= Work to be completed =
Everything from the line containing "each simple, so" through the end of the data below should be copied exactly, with no other lines.

= Dataset records =
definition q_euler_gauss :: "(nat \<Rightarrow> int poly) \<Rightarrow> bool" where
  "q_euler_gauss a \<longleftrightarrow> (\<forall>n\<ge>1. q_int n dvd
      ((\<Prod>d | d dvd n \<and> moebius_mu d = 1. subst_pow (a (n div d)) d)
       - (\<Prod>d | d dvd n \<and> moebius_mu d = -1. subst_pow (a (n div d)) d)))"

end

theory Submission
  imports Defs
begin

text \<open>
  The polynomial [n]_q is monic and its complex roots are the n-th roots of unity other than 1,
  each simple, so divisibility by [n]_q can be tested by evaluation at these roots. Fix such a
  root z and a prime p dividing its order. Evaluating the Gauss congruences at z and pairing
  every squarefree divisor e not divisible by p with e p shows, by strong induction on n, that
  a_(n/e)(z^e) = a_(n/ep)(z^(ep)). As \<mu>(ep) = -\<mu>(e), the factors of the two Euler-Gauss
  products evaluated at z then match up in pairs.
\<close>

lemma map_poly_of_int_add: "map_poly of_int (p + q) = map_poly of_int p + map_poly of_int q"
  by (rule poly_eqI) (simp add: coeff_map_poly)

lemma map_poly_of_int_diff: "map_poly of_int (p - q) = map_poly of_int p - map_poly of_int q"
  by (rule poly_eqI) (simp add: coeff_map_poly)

= Task answer =
  each simple, so divisibility by [n]_q can be tested by evaluation at these roots. Fix such a
  root z and a prime p dividing its order. Evaluating the Gauss congruences at z and pairing
  every squarefree divisor e not divisible by p with e p shows, by strong induction on n, that
  a_(n/e)(z^e) = a_(n/ep)(z^(ep)). As \<mu>(ep) = -\<mu>(e), the factors of the two Euler-Gauss
  products evaluated at z then match up in pairs.
\<close>

lemma map_poly_of_int_add: "map_poly of_int (p + q) = map_poly of_int p + map_poly of_int q"
  by (rule poly_eqI) (simp add: coeff_map_poly)

lemma map_poly_of_int_diff: "map_poly of_int (p - q) = map_poly of_int p - map_poly of_int q"
  by (rule poly_eqI) (simp add: coeff_map_poly)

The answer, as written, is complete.